## Saved entries
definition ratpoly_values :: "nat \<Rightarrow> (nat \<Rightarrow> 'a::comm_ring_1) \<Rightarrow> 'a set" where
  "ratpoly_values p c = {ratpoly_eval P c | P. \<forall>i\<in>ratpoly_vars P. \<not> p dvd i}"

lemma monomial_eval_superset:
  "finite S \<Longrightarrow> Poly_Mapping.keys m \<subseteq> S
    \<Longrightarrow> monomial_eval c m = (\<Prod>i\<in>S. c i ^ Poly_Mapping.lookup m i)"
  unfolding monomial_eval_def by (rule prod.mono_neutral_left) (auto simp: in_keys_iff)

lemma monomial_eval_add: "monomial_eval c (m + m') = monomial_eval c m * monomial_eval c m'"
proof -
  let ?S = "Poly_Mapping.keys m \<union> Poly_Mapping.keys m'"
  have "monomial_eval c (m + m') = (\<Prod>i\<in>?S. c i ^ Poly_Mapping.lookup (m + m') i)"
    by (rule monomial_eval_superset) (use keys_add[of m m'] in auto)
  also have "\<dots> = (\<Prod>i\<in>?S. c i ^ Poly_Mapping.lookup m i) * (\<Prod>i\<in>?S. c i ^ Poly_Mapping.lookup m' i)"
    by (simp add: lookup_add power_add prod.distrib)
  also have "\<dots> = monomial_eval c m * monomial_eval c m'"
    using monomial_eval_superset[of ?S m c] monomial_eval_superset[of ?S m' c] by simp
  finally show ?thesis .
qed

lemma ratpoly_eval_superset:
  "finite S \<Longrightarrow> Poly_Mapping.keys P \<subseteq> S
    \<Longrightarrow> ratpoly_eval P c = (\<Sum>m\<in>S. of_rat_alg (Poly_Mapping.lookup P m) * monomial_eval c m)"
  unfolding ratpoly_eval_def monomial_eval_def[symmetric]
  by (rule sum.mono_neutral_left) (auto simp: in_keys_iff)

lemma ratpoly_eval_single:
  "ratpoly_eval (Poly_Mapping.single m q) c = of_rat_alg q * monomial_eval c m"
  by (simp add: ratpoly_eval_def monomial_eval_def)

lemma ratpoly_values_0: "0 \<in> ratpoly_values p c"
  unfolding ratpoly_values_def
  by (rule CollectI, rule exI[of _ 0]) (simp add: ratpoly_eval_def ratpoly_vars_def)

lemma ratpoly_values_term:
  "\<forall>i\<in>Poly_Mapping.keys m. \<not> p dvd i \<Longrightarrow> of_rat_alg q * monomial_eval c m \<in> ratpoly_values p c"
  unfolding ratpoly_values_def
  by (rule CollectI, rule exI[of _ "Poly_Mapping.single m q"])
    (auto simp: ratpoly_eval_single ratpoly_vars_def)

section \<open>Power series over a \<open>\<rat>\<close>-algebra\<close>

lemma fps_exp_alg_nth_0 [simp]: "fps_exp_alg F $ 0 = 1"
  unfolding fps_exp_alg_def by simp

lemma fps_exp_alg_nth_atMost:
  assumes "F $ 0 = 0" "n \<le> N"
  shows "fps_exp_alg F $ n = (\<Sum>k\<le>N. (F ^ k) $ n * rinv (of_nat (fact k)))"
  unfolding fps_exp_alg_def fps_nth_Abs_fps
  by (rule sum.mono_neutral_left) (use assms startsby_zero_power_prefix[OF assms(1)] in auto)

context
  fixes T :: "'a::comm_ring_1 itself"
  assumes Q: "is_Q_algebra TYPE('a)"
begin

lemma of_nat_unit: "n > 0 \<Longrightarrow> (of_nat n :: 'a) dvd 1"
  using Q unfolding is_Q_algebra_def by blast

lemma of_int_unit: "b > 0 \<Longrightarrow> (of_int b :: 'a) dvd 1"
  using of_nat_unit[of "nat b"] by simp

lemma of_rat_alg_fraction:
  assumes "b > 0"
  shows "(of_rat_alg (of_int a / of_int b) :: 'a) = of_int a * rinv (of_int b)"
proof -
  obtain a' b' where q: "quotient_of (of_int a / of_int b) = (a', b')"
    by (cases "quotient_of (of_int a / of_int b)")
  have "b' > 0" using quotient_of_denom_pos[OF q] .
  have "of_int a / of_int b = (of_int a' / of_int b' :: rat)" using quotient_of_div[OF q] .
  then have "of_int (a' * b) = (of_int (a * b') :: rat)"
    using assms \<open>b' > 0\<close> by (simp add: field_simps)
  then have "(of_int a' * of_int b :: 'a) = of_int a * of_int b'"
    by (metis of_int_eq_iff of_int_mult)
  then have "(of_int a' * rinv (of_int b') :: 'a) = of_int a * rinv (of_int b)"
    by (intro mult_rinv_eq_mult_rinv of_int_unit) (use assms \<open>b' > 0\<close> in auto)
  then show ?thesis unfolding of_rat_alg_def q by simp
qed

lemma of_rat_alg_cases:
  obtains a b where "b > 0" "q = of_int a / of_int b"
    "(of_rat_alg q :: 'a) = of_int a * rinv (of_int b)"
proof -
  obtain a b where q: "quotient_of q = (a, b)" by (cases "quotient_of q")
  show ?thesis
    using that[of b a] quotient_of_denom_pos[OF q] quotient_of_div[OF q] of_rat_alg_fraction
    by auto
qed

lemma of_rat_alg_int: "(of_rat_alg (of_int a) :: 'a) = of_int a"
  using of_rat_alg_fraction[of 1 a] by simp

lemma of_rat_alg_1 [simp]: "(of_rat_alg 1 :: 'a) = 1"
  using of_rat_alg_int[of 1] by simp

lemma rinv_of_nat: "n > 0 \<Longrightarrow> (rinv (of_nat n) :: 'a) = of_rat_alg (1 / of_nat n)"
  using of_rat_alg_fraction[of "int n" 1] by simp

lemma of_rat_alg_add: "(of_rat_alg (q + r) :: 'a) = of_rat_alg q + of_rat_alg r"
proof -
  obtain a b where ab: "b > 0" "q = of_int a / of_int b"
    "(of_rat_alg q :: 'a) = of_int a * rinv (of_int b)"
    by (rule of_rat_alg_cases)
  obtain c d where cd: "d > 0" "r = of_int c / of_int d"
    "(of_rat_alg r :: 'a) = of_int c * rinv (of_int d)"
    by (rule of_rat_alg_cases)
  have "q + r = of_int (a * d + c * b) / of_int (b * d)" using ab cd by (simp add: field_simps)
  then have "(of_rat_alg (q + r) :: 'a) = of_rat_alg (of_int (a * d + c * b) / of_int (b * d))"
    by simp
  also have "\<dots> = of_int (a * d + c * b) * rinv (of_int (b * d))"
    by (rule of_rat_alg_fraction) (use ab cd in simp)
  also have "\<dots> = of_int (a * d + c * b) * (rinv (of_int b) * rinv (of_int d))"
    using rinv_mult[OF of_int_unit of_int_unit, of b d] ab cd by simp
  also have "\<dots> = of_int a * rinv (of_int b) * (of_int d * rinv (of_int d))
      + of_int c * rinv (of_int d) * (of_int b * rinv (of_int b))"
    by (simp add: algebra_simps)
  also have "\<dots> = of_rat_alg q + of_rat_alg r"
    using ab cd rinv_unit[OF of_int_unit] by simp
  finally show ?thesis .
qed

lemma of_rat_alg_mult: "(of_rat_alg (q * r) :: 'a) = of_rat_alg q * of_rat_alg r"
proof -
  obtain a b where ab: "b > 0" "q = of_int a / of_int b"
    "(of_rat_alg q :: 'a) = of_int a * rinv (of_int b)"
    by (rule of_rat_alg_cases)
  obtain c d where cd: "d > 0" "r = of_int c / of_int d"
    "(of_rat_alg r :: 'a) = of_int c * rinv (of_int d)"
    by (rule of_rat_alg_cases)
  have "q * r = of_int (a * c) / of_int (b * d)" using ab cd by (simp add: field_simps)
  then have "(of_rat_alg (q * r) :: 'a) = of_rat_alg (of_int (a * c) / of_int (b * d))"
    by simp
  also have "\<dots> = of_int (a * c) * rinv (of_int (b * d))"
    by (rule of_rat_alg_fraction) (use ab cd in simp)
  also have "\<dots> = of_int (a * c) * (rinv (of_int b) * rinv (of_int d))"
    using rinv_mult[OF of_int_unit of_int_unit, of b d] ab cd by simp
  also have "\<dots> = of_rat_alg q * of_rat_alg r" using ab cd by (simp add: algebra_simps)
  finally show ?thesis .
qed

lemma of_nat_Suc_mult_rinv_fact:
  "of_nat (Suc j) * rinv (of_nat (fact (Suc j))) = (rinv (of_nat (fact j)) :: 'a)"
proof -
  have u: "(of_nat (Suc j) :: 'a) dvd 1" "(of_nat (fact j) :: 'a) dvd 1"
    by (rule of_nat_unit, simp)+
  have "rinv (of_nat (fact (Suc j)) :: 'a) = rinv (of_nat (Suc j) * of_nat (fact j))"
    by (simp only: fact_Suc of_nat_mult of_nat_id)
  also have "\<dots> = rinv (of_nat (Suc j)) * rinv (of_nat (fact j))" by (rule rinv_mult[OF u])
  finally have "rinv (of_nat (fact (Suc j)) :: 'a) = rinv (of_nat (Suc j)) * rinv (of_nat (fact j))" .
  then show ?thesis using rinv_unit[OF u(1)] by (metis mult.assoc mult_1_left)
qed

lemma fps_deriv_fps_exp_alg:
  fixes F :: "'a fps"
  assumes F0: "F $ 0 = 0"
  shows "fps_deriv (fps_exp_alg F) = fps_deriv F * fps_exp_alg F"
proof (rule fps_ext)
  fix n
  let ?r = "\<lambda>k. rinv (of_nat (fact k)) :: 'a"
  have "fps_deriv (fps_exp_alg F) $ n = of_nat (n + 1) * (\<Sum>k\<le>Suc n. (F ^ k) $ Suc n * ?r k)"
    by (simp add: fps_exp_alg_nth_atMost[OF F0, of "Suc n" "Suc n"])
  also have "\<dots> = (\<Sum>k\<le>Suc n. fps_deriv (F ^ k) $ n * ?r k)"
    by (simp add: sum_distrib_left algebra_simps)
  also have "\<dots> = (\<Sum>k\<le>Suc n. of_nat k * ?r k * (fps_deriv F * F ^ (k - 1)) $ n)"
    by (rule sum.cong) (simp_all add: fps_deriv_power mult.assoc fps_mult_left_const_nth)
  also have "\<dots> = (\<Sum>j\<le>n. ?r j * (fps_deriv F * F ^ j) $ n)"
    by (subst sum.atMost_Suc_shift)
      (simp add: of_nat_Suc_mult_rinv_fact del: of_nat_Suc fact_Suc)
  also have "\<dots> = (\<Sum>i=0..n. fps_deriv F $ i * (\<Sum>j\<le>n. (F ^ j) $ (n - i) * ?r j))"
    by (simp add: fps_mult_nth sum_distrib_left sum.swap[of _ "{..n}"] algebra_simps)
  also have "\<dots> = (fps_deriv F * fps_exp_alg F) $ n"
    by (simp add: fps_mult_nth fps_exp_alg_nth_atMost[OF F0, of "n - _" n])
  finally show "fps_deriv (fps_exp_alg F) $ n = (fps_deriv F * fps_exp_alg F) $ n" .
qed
---
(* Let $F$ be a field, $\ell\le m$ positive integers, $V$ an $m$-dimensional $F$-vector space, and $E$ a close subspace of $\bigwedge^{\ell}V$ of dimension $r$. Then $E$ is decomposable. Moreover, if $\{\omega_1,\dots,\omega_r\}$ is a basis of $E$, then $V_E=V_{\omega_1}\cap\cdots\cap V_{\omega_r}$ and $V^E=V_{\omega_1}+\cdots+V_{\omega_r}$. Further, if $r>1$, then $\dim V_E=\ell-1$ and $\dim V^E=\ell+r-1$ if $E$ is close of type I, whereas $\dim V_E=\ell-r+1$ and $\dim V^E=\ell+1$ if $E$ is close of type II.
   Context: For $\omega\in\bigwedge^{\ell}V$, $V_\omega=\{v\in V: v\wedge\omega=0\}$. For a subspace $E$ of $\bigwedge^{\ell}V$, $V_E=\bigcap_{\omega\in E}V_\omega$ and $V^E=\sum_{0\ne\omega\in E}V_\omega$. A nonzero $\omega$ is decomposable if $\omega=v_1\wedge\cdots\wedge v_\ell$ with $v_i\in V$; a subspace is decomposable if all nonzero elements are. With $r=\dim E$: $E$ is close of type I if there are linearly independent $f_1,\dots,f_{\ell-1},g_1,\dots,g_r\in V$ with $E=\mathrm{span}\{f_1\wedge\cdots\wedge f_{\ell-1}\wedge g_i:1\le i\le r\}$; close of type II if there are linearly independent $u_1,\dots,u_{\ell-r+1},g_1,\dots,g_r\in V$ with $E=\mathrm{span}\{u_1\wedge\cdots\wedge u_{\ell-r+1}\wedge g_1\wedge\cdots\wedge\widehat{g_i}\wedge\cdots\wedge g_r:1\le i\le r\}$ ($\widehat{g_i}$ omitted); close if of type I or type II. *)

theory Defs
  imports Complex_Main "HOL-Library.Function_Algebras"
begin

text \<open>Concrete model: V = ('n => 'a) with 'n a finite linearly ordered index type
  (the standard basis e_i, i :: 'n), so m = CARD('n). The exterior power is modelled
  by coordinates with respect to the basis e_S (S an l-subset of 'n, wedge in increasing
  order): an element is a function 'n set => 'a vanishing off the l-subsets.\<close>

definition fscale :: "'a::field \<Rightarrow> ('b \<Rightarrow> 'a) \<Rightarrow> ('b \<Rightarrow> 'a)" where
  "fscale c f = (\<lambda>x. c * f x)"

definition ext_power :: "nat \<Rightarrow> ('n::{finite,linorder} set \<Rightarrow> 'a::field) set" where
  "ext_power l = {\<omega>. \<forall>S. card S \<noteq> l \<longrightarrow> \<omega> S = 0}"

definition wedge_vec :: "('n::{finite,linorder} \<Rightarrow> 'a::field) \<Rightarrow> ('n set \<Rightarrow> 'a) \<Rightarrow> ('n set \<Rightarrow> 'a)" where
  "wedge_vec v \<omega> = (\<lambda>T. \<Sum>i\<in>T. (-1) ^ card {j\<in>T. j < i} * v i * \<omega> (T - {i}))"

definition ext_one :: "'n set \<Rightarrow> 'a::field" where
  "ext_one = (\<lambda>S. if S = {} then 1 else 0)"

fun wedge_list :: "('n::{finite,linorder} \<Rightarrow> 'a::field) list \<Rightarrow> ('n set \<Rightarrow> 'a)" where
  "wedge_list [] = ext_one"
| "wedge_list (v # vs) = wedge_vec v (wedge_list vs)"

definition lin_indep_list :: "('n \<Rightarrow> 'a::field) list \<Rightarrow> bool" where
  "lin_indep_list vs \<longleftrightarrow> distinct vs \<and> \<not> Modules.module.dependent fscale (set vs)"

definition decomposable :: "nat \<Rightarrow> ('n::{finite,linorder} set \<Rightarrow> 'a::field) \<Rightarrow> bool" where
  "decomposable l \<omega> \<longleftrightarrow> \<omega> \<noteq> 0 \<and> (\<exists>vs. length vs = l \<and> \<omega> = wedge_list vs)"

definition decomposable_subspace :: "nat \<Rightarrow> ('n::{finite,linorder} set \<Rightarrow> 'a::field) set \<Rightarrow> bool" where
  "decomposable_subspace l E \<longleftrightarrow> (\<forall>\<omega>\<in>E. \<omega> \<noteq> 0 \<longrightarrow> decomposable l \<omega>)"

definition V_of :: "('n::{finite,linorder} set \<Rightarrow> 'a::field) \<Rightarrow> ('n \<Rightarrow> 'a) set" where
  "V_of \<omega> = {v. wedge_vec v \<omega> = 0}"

## Brief
Would you output, from the records above, exactly the run of lines that starts at the line containing "using ab cd rinv_unit[OF" and ends at the line containing "by (simp add: sum_distrib_left", and only that run?

## Task solution
    using ab cd rinv_unit[OF of_int_unit] by simp
  finally show ?thesis .
qed

lemma of_rat_alg_mult: "(of_rat_alg (q * r) :: 'a) = of_rat_alg q * of_rat_alg r"
proof -
  obtain a b where ab: "b > 0" "q = of_int a / of_int b"
    "(of_rat_alg q :: 'a) = of_int a * rinv (of_int b)"
    by (rule of_rat_alg_cases)
  obtain c d where cd: "d > 0" "r = of_int c / of_int d"
    "(of_rat_alg r :: 'a) = of_int c * rinv (of_int d)"
    by (rule of_rat_alg_cases)
  have "q * r = of_int (a * c) / of_int (b * d)" using ab cd by (simp add: field_simps)
  then have "(of_rat_alg (q * r) :: 'a) = of_rat_alg (of_int (a * c) / of_int (b * d))"
    by simp
  also have "\<dots> = of_int (a * c) * rinv (of_int (b * d))"
    by (rule of_rat_alg_fraction) (use ab cd in simp)
  also have "\<dots> = of_int (a * c) * (rinv (of_int b) * rinv (of_int d))"
    using rinv_mult[OF of_int_unit of_int_unit, of b d] ab cd by simp
  also have "\<dots> = of_rat_alg q * of_rat_alg r" using ab cd by (simp add: algebra_simps)
  finally show ?thesis .
qed

lemma of_nat_Suc_mult_rinv_fact:
  "of_nat (Suc j) * rinv (of_nat (fact (Suc j))) = (rinv (of_nat (fact j)) :: 'a)"
proof -
  have u: "(of_nat (Suc j) :: 'a) dvd 1" "(of_nat (fact j) :: 'a) dvd 1"
    by (rule of_nat_unit, simp)+
  have "rinv (of_nat (fact (Suc j)) :: 'a) = rinv (of_nat (Suc j) * of_nat (fact j))"
    by (simp only: fact_Suc of_nat_mult of_nat_id)
  also have "\<dots> = rinv (of_nat (Suc j)) * rinv (of_nat (fact j))" by (rule rinv_mult[OF u])
  finally have "rinv (of_nat (fact (Suc j)) :: 'a) = rinv (of_nat (Suc j)) * rinv (of_nat (fact j))" .
  then show ?thesis using rinv_unit[OF u(1)] by (metis mult.assoc mult_1_left)
qed

lemma fps_deriv_fps_exp_alg:
  fixes F :: "'a fps"
  assumes F0: "F $ 0 = 0"
  shows "fps_deriv (fps_exp_alg F) = fps_deriv F * fps_exp_alg F"
proof (rule fps_ext)
  fix n
  let ?r = "\<lambda>k. rinv (of_nat (fact k)) :: 'a"
  have "fps_deriv (fps_exp_alg F) $ n = of_nat (n + 1) * (\<Sum>k\<le>Suc n. (F ^ k) $ Suc n * ?r k)"
    by (simp add: fps_exp_alg_nth_atMost[OF F0, of "Suc n" "Suc n"])
  also have "\<dots> = (\<Sum>k\<le>Suc n. fps_deriv (F ^ k) $ n * ?r k)"
    by (simp add: sum_distrib_left algebra_simps)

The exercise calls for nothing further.